逆ザヤということばが薬に使われる場合を説明します。

売値が仕入れ値よりたかいものを順ザヤと言います。
普通そうでないと商売はなりたちませんね。

ところが、売値のほうが仕入れ値より安くなることが逆ザヤです。
これは、売れ残りになる商品の不良在庫を減らすために行うこともあるでしょう。
メーカーが希望小売価格を変えたために、店が損するなんて言うこともあります。

とはいえ、普通の商売で順ザヤだ逆ザヤだとはあまり言いません。

この話を商品の先物取引に適用するのが普通やることです。
今買って後で値が上がることを期待するのが先物市場ですね。
だから、あとからの値段のほうが上がることを順ザヤといいます。

あとで値段が下がることを逆ザヤと言います。

だから、下がりそうか上がりそうかをデータから分析し手を打つのが先物取引という仕掛けです。
穀物の生産報告が発表されたりすると、市場は動きます。
鼻が利く人間なら、逆ザヤになりそうな債券はすぐ売りとばし、順ザヤになりそうなものを買いあさります。

さて、薬品の世界ではこういうことになります。

売値は、薬価基準というものがありまして、法的に値段が決められます。
その値段で取引をしなければいけないのです。

薬品会社では卸会社にいくらで売るかは決められていません。
普通は売値よりも安い値段で納入するでしょうね。それが順ザヤです。
ところが諸事情あってそれより高い値段でないと出荷できないことがあります。
製造原価のためですね。これが逆ザヤです。

なぜこんなことがおきるかをご説明します。

熱を出したり鼻水がでたり頭痛がする症状、というのは一人の人間が1年暮らしたら1度か2度は起きる可能性があることです。
だったら、ニーズは大変にあるものです。
アセトアミノフェンだとか塩化リゾチームを使った薬は大量に処方されるでしょうね。
風邪にも効くし打撲にも効果があります。
だったら、こういう薬は非常に大量に作っておいて大丈夫です。
工場は高稼働できますし、出荷単位の製造原価は低くなります。
当然順ザヤになります。

水溶性たんぱくが不活性化しないように制御し、眼球の白濁化を阻止するというピレノキシンと言う薬があります。
そこそこ薄くして使います。
どう考えてもこれは白内障予防薬であって、高齢であっても白内障になる人は数割です。
そして、直すという特効薬でもない。
あんまり風邪薬みたいに大量には作れません。
でも薬価は決まっています。
だったら、逆ザヤになってしまうわけです。

数十万人にひとりでるくらいの症状に対する薬なんかは、必要にはちがいないけど、工場をフル稼働して製造するまでには至りません。
相当な逆ザヤになるはずです。

薬価基準というのは、薬が健康保険の対象になりますから統制して管理するための厚生労働省の考え方です。

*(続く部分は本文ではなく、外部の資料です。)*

(* Consider the ViSE model described in the context, with $n$ participants, $\ell$ egoists and $g=n-\ell$ group members ($1\le \ell\le n-1$), environment parameters $\mu\in\mathbb{R}$, $\sigma>0$, majority threshold $\alpha\in[0,1]$ and group claims threshold $t\in\mathbb{R}$. Let $\gamma=\alpha+\delta-1$ with $\delta=\ell/n$, let $P=F\!\left(\frac{(\mu-t)\sqrt{g}}{\sigma}\right)$ and $Q=1-P$. Then the mathematical expectation of the capital increment $\widetilde{d}_{\mathcal{E}}$ of a (fixed) egoist in one voting step is $$\mathrm{M}(\widetilde{d}_{\mathcal{E}})=\mu^+(\mu,\sigma,\ell,\gamma n)\,P+\mu^+(\mu,\sigma,\ell,\alpha n)\,Q .$$
   Context: ViSE model (one voting step). A society consists of $n$ participants: $\ell$ "egoists" and $g=n-\ell$ "group members", with $1\le\ell\le n-1$; $\delta=\ell/n$ is the proportion of egoists. Fix $\mu\in\mathbb{R}$, $\sigma>0$, a majority threshold $\alpha\in[0,1]$ and a group claims threshold $t\in\mathbb{R}$. A proposal is a random vector $(\zeta_1,\dots,\zeta_n)$ of independent $N(\mu,\sigma^2)$ random variables, $\zeta_i$ being the proposed capital increment of participant $i$. Each egoist votes for the proposal iff his own component is strictly positive. All group members vote for the proposal iff the arithmetic mean of the components of the group members is strictly greater than $t$; otherwise they all vote against. The proposal is accepted iff the number of votes for it is strictly greater than $\alpha n$. If accepted, each participant's capital increment equals his component; otherwise every participant's capital increment is $0$. $F$ and $f$ denote the standard normal distribution function and density. For an integer $\ell\ge1$ and real $\ell_0$, $\mu^+(\mu,\sigma,\ell,\ell_0)$ denotes the expectation of the "normal voting sample": if $\xi_1,\dots,\xi_\ell$ are i.i.d. $N(\mu,\sigma^2)$ and $N=\#\{i:\xi_i>0\}$, then $\mu^+(\mu,\sigma,\ell,\ell_0)=\mathrm{M}\big(\xi_1\cdot\mathbf{1}\{N>\ell_0\}\big)$, i.e. the expected increment of a member of a society of $\ell$ egoists when a proposal is accepted iff more than $\ell_0$ of them receive positive increments. *)

theory Defs
  imports "HOL-Probability.Probability"
begin

definition std_normal_cdf :: "real \<Rightarrow> real" where
  "std_normal_cdf x = cdf (density lborel std_normal_density) x"

definition proposal_space :: "nat \<Rightarrow> real \<Rightarrow> real \<Rightarrow> (nat \<Rightarrow> real) measure" where
  "proposal_space m \<mu> \<sigma> = PiM {..<m} (\<lambda>_. density lborel (normal_density \<mu> \<sigma>))"

definition mu_plus :: "real \<Rightarrow> real \<Rightarrow> nat \<Rightarrow> real \<Rightarrow> real" where
  "mu_plus \<mu> \<sigma> l l0 =
     integral\<^sup>L (proposal_space l \<mu> \<sigma>)
       (\<lambda>\<xi>. \<xi> 0 * (if real (card {i. i < l \<and> \<xi> i > 0}) > l0 then 1 else 0))"

text \<open>ViSE model, one step: participants 0..l-1 are egoists, l..n-1 group members.\<close>
definition vise_votes_for :: "nat \<Rightarrow> nat \<Rightarrow> real \<Rightarrow> (nat \<Rightarrow> real) \<Rightarrow> nat" where
  "vise_votes_for n l t \<zeta> =
     card {i. i < l \<and> \<zeta> i > 0}
     + (if (\<Sum>i\<in>{l..<n}. \<zeta> i) / real (n - l) > t then n - l else 0)"

definition vise_accepted :: "nat \<Rightarrow> nat \<Rightarrow> real \<Rightarrow> real \<Rightarrow> (nat \<Rightarrow> real) \<Rightarrow> bool" where
  "vise_accepted n l \<alpha> t \<zeta> \<longleftrightarrow> real (vise_votes_for n l t \<zeta>) > \<alpha> * real n"

definition vise_increment :: "nat \<Rightarrow> nat \<Rightarrow> real \<Rightarrow> real \<Rightarrow> (nat \<Rightarrow> real) \<Rightarrow> nat \<Rightarrow> real" where
  "vise_increment n l \<alpha> t \<zeta> i = (if vise_accepted n l \<alpha> t \<zeta> then \<zeta> i else 0)"

end

theory Submission
  imports Defs
begin

text \<open>
  The egoists' components and the group members' components of a proposal are independent.
  The group votes in favour exactly when the sum of its \<open>g\<close> components, a normal variable with
  mean \<open>g\<mu>\<close> and standard deviation \<open>\<sigma>\<surd>g\<close>, exceeds \<open>gt\<close>, which happens with probability \<open>P\<close>.
  Given the group's decision, the proposal passes iff more than \<open>\<alpha>n - g = \<gamma>n\<close> (group in favour)
  resp. \<open>\<alpha>n\<close> (group against) egoists gain, so Fubini splits the expectation into
  \<open>P\<close> and \<open>Q\<close> times the expected gain of egoist \<open>e\<close> in an all-egoist society with these
  thresholds. Exchangeability of the egoists' components identifies the latter with \<open>\<mu>\<^sup>+\<close>.
\<close>

abbreviation normal_measure :: "real \<Rightarrow> real \<Rightarrow> real measure" where
  "normal_measure \<mu> \<sigma> \<equiv> density lborel (\<lambda>x. ennreal (normal_density \<mu> \<sigma> x))"

definition egoist_gain :: "nat \<Rightarrow> real \<Rightarrow> nat \<Rightarrow> (nat \<Rightarrow> real) \<Rightarrow> real" where
  "egoist_gain l l0 e \<xi> = \<xi> e * (if real (card {i. i < l \<and> 0 < \<xi> i}) > l0 then 1 else 0)"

エボラ出血熱の騒ぎで、別の症状用の薬が効くのではないかという話が出て富士フィルム系の会社が株価をあげました。
これはその薬が、薬としても順ザヤになりそうで、先物取引としても順ザヤだろうとみなされたからです。

なお、サヤは鞘という漢字だと思う人が多いのですけど、差也です。つまり入と出の差でありますということです。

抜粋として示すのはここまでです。